I have to go with Willo. Teams that slightly lower in the rankings are expected to beat teams above them in the rankings on a home court. If it had been a victory on the road I may have reconsidered things.

Nova is 9-1 with 2 losses. G^Town is 7-4, with 5 losses... albeit G`Town has had the harder schedule. But its still a three game gap.

Should UNLV be ranked ahead of BYU right now. How about Richmond over Templeé


----------



## coolpohle (Dec 28, 2006)

1. Kansas
2. Syracuse
3. Duke
4. West Virginia
5. Kentucky
6. Kansas St.
7. Villanova
8. Wisconsin
9. Purdue
10. BYU
11. Georgetown
12. Texas
13. Tennessee
14. Baylor
15. Michigan St.
16. Butler
17. New Mexico
18. Wake Forest
19. Vanderbilt
20. Georgia Tech
21. Northern Iowa
22. Ohio St.
23. Pittsburgh
24. Temple
25. Texas A&M


----------



## JuniorNoboa (Jan 27, 2003)

1. Syracuse
2, Kansas

I think these two teams are fairly even. Whoever plays better in the past week gets my number one ranking, so Syracuse regains it.
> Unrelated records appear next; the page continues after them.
lemma (in group_hom) hom_commutator:
  "x \<in> carrier G \<Longrightarrow> y \<in> carrier G \<Longrightarrow> h (commutator G x y) = commutator H (h x) (h y)"
  by (simp add: commutator_def)

lemma (in normal) commutator_mem_iff:
  assumes "x \<in> carrier G" "y \<in> carrier G"
  shows "commutator G x y \<in> H \<longleftrightarrow>
    (H #> x) \<otimes>\<^bsub>G Mod H\<^esub> (H #> y) = (H #> y) \<otimes>\<^bsub>G Mod H\<^esub> (H #> x)"
proof -
  interpret \<pi>: group_hom G "G Mod H" "(#>) H" by (rule group_hom_Mod)
  have "commutator G x y \<in> H \<longleftrightarrow> H #> commutator G x y = H"
    using assms by (simp add: rcos_eq_self_iff)
  also have "\<dots> \<longleftrightarrow> commutator (G Mod H) (H #> x) (H #> y) = \<one>\<^bsub>G Mod H\<^esub>"
    using assms by (simp add: \<pi>.hom_commutator)
  also have "\<dots> \<longleftrightarrow> (H #> x) \<otimes>\<^bsub>G Mod H\<^esub> (H #> y) = (H #> y) \<otimes>\<^bsub>G Mod H\<^esub> (H #> x)"
    using assms by (intro \<pi>.H.commutator_eq_one_iff) simp_all
  finally show ?thesis .
qed

lemma centerI:
  "z \<in> carrier G \<Longrightarrow> (\<And>g. g \<in> carrier G \<Longrightarrow> z \<otimes>\<^bsub>G\<^esub> g = g \<otimes>\<^bsub>G\<^esub> z) \<Longrightarrow> z \<in> center G"
  unfolding center_def by blast

lemma centerD:
  assumes "z \<in> center G"
  shows center_closed: "z \<in> carrier G"
    and center_commute: "g \<in> carrier G \<Longrightarrow> z \<otimes>\<^bsub>G\<^esub> g = g \<otimes>\<^bsub>G\<^esub> z"
  using assms unfolding center_def by blast+

lemma center_subset: "center G \<subseteq> carrier G"
  unfolding center_def by blast

lemma (in group) one_in_center: "\<one> \<in> center G"
  by (rule centerI) simp_all

lemma (in group) center_normal: "center G \<lhd> G"
  unfolding normal_inv_iff
proof (intro conjI ballI)
  show "subgroup (center G) G"
  proof (rule subgroupI)
    show "center G \<subseteq> carrier G"
      by (rule center_subset)
    from one_in_center show "center G \<noteq> {}"
      by blast
    show "inv z \<in> center G" if z: "z \<in> center G" for z
      by (rule centerI) (simp_all add: center_closed [OF z] center_commute [OF z] inv_commute)
    show "z \<otimes> w \<in> center G" if z: "z \<in> center G" and w: "w \<in> center G" for z w
    proof (rule centerI)
      fix g assume g: "g \<in> carrier G"
      have zc: "z \<in> carrier G" and wc: "w \<in> carrier G"
        using z w by (simp_all add: center_closed)
      have "z \<otimes> w \<otimes> g = z \<otimes> (g \<otimes> w)"
        using zc wc g by (simp add: m_assoc center_commute [OF w g])
      also have "\<dots> = g \<otimes> (z \<otimes> w)"
        using zc wc g by (simp add: m_assoc [symmetric] center_commute [OF z g])
      finally show "z \<otimes> w \<otimes> g = g \<otimes> (z \<otimes> w)" .
    qed (simp add: center_closed [OF z] center_closed [OF w])
  qed
  show "g \<otimes> z \<otimes> inv g \<in> center G" if g: "g \<in> carrier G" and z: "z \<in> center G" for g z
  proof -
    have "g \<otimes> z \<otimes> inv g = z"
      using g center_closed [OF z] by (simp add: m_assoc center_commute [OF z inv_closed [OF g]])
    then show ?thesis
      using z by simp
  qed
qed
Syracuse had a better week then Kansas... convinving win over Cincy vs an OT win vs Colorado. I have a feeling Kansas will be my new number one next week after they beat Texas.

3. Kentucky

4. Villanova
5. West Virginia
6. Duke
7. Purdue
8. Kansas St
9. Georgetown
10. Wisconsin
11. Texas
12. Michigan St
13. BYU
14. Tennessee
15. New Mexico
16. Ohio St
17. Vanderbilt
18. Northern Iowa
19. Temple
20. Baylor
21. Gonzaga
22. Pitt
23. St Mary`s
24. Wake Forest
25. Maryland


----------



## coolpohle (Dec 28, 2006)

No Butler, JN? They've won 13 straight!


----------



## JuniorNoboa (Jan 27, 2003)

I think Butler is the most overreated team in the country. If I was a one man committee selecting the tournament they would clearly be on my bubble if they did not win there conference. I would put them in because they do schedule good OOC, and I think that should be rewarded.

There 13 game win streak is not that impressive. except for the road win at Wright St.

There OOC play is EXTREMELY poor and would be the reason I put them on the bubble. They beat an Evan Turner less Ohio St team at home, and barely beat Xavier at home. They lost to a bubble team on the road in UAB... and most telling was three neutral court losses to Georgetown, Clenson and Minnesota.


----------



## coolpohle (Dec 28, 2006)

I'm not saying they are great, I'm just saying - if you're going to rank 25 teams, how can you leave off a 20-4 team on a 13 game win streak? A team that doesn't have a bad loss and has beaten OSU, X, won @ Northwestern and @ Wright St.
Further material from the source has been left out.